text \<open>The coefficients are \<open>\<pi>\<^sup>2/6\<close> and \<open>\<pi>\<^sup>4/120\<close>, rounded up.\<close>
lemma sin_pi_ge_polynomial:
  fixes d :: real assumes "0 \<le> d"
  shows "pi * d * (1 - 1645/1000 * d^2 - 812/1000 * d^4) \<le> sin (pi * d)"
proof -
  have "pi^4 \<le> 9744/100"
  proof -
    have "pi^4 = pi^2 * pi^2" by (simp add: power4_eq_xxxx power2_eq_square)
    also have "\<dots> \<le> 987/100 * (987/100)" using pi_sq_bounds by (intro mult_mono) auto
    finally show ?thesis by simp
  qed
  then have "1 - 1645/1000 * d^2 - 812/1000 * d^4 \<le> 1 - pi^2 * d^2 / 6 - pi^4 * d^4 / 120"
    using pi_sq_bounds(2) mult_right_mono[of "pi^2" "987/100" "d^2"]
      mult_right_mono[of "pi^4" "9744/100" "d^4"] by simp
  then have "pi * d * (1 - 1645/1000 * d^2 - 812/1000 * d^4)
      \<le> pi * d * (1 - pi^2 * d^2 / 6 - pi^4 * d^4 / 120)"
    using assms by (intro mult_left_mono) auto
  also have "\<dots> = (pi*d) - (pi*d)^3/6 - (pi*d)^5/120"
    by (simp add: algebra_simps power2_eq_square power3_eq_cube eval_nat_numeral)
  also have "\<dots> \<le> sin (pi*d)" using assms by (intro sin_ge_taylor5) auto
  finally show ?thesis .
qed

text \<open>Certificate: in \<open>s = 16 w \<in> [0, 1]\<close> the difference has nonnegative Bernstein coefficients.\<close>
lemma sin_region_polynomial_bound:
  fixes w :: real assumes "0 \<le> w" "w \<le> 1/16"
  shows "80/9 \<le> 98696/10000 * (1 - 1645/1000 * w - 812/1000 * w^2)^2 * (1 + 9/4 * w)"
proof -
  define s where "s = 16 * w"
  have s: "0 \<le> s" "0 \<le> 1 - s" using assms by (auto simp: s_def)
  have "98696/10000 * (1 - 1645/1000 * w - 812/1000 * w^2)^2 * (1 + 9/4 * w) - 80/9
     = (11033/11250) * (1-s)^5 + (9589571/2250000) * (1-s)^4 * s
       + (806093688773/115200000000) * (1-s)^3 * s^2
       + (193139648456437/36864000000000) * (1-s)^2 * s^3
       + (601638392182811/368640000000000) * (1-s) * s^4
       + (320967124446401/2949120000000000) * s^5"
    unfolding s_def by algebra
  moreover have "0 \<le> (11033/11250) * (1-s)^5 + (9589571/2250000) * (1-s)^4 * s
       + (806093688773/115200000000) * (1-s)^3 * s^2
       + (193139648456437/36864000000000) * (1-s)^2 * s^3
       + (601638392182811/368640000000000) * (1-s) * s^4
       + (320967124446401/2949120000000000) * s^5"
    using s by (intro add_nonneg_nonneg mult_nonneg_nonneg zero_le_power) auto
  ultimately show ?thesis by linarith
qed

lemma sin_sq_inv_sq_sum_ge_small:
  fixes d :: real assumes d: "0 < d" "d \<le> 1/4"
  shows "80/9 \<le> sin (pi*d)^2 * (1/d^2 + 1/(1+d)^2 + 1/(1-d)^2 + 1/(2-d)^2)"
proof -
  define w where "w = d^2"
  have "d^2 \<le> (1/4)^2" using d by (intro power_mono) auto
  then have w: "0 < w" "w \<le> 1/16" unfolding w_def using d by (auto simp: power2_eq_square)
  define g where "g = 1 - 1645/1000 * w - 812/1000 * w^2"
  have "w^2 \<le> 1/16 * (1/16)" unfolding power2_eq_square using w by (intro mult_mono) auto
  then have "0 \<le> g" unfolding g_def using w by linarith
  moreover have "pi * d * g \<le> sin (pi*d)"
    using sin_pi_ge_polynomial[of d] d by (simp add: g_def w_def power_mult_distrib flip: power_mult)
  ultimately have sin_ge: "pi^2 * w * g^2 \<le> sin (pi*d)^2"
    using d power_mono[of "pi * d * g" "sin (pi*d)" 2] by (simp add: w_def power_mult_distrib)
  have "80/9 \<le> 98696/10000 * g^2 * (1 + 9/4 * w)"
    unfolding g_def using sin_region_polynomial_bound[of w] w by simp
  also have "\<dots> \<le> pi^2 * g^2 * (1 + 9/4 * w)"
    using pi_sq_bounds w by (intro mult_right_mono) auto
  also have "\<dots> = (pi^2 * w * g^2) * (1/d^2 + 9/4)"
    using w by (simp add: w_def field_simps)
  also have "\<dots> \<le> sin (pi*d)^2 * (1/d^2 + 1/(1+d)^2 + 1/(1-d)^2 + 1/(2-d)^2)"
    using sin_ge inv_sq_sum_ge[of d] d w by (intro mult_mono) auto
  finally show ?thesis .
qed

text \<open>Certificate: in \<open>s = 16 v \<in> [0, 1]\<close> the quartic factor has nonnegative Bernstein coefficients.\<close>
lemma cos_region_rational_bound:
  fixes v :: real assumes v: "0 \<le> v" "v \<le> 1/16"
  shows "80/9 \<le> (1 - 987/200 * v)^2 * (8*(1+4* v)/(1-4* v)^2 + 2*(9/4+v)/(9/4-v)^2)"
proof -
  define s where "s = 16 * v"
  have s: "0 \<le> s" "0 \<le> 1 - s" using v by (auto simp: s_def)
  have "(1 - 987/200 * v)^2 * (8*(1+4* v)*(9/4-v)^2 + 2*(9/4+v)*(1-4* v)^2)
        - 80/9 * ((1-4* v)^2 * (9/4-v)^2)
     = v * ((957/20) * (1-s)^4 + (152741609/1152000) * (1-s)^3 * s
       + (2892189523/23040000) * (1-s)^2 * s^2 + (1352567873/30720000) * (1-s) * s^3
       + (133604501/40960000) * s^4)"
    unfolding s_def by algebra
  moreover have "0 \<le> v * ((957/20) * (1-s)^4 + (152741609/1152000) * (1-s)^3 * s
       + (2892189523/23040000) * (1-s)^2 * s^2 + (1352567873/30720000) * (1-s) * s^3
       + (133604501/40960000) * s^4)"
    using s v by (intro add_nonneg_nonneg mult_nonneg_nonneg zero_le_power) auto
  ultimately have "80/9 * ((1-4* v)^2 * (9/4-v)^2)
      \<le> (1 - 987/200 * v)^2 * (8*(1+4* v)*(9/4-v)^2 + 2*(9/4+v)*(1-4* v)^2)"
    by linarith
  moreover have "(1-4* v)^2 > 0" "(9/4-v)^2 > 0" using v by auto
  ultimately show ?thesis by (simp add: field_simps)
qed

==============================

**PROBLEM TO SOLVE:** Reproduce each line from the listing above that includes the word "define".

**REPLY:**
  define s where "s = 16 * w"
  define w where "w = d^2"
  define g where "g = 1 - 1645/1000 * w - 812/1000 * w^2"
  define s where "s = 16 * v"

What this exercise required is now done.